• _Exercise directions_:
Please return every line of the records below that holds the word "also".

***** Dataset content *****

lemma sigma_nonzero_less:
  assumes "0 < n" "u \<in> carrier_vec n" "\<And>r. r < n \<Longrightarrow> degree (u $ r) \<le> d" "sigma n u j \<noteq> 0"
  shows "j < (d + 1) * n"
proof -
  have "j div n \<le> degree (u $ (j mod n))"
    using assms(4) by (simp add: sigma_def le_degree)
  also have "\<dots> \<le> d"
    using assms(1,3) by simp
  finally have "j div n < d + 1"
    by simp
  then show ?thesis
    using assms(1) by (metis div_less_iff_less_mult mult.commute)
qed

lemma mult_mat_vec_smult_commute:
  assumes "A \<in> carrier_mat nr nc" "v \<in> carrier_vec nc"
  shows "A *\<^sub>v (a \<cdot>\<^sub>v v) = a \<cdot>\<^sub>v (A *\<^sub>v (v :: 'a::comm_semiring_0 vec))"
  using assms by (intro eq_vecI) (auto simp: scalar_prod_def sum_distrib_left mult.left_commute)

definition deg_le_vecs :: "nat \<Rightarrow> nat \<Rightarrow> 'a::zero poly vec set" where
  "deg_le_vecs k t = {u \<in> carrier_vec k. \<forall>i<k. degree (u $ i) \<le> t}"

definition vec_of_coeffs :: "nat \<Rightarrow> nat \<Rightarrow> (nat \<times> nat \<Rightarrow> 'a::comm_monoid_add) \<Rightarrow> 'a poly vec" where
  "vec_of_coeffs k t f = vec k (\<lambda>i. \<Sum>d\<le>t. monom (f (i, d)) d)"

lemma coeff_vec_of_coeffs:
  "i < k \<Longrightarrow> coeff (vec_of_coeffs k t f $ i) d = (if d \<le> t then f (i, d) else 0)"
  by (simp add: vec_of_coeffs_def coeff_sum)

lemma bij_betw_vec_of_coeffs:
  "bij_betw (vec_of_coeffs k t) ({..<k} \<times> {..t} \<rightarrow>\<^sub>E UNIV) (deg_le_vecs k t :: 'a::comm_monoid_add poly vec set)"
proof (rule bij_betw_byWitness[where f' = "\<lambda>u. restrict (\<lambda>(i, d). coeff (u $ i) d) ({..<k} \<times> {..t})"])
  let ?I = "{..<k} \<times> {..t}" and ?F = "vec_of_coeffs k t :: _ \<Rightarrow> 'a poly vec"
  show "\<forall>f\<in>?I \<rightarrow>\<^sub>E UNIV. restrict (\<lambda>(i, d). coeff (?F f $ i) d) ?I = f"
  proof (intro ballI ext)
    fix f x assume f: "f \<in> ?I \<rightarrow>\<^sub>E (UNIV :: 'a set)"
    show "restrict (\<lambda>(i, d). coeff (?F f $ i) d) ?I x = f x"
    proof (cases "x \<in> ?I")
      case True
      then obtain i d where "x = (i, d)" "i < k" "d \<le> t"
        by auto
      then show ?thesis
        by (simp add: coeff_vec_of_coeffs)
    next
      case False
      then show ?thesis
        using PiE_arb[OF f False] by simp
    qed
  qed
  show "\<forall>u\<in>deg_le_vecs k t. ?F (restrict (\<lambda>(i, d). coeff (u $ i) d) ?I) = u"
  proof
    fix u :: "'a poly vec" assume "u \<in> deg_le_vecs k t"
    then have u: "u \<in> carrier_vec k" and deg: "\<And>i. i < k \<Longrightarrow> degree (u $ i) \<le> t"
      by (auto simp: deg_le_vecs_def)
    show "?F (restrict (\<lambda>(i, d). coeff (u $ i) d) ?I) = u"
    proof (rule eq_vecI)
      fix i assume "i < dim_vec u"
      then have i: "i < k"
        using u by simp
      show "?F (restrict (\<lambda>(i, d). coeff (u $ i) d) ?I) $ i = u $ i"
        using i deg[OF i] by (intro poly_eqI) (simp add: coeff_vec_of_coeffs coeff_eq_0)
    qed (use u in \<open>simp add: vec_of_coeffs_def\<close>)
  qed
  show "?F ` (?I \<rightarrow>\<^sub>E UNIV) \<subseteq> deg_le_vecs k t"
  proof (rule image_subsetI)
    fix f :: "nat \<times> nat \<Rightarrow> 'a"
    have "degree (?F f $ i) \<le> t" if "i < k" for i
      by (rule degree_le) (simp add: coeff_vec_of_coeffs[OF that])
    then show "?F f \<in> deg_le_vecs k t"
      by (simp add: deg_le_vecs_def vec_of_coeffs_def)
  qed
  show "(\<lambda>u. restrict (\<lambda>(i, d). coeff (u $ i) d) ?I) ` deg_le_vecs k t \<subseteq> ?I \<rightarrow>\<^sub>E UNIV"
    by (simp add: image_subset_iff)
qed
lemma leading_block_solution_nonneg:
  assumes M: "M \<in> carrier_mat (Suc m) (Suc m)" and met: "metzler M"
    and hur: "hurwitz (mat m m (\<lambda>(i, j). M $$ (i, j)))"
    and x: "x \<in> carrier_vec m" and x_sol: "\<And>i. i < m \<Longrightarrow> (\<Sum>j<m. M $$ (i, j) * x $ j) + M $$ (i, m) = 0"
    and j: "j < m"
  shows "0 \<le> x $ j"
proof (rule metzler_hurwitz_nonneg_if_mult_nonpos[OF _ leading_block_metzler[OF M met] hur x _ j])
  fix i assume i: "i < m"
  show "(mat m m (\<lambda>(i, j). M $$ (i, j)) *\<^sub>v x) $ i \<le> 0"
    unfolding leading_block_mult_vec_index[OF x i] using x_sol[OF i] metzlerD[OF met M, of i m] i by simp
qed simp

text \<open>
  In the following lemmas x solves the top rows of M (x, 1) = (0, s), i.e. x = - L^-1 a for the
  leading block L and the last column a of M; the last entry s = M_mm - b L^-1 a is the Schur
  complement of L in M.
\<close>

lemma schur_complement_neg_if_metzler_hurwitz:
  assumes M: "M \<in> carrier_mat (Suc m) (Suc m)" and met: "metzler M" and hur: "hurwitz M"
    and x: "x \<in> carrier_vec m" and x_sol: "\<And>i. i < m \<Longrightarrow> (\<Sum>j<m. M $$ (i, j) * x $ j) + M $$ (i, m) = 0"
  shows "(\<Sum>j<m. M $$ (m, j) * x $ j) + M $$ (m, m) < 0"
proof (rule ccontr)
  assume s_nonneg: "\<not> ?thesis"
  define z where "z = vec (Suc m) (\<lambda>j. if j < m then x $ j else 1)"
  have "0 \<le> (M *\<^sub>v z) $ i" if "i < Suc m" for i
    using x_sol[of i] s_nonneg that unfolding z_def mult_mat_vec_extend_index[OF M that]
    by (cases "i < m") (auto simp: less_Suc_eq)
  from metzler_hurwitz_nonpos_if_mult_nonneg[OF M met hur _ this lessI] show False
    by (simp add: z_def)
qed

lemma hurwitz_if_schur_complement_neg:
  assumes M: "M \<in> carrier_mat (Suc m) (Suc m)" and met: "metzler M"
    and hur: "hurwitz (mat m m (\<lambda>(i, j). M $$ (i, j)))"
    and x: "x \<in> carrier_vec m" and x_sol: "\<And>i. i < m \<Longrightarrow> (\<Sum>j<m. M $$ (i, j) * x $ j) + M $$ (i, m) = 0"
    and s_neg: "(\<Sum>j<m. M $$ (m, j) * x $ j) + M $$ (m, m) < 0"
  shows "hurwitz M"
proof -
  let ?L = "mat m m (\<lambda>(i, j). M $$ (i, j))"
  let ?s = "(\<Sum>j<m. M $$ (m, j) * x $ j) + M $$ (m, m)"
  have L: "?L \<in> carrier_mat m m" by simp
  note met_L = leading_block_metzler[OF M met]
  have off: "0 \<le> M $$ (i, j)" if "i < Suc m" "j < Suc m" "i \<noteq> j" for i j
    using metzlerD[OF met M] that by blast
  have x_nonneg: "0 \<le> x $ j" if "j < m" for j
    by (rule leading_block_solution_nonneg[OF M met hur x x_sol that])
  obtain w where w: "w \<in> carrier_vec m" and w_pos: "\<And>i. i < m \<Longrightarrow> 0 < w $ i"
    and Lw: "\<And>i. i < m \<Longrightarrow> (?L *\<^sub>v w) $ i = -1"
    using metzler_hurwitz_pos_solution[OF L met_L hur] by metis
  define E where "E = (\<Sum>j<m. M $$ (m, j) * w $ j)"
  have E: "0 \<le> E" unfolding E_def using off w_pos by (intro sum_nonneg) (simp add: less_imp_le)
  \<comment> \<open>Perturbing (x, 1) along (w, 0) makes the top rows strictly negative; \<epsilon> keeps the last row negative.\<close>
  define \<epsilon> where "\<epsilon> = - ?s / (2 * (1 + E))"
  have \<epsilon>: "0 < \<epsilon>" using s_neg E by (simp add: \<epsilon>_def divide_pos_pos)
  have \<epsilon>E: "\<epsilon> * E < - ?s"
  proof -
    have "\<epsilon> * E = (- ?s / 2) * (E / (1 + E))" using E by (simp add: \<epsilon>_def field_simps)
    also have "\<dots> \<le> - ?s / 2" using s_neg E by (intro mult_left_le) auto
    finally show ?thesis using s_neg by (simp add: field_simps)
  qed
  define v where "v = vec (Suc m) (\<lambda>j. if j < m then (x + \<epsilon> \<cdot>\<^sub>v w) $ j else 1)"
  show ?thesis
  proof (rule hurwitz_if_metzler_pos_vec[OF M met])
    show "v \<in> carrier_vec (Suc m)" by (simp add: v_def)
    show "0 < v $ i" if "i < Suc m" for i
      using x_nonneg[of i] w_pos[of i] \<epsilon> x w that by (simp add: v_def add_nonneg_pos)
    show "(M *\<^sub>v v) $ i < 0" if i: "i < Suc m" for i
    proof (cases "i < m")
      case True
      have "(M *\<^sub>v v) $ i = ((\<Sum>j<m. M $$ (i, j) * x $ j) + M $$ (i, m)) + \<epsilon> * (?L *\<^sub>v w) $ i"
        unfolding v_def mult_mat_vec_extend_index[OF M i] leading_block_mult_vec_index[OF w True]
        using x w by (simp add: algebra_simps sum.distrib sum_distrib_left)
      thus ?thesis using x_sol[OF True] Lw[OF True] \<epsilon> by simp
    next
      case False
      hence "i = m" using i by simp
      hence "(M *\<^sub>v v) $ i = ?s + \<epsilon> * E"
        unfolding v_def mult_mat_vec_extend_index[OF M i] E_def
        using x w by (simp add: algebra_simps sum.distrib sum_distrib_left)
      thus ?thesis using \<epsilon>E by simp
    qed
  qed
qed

*****

• _Exercise output_:
  also have "\<dots> \<le> d"
    also have "\<dots> \<le> - ?s / 2" using s_neg E by (intro mult_left_le) auto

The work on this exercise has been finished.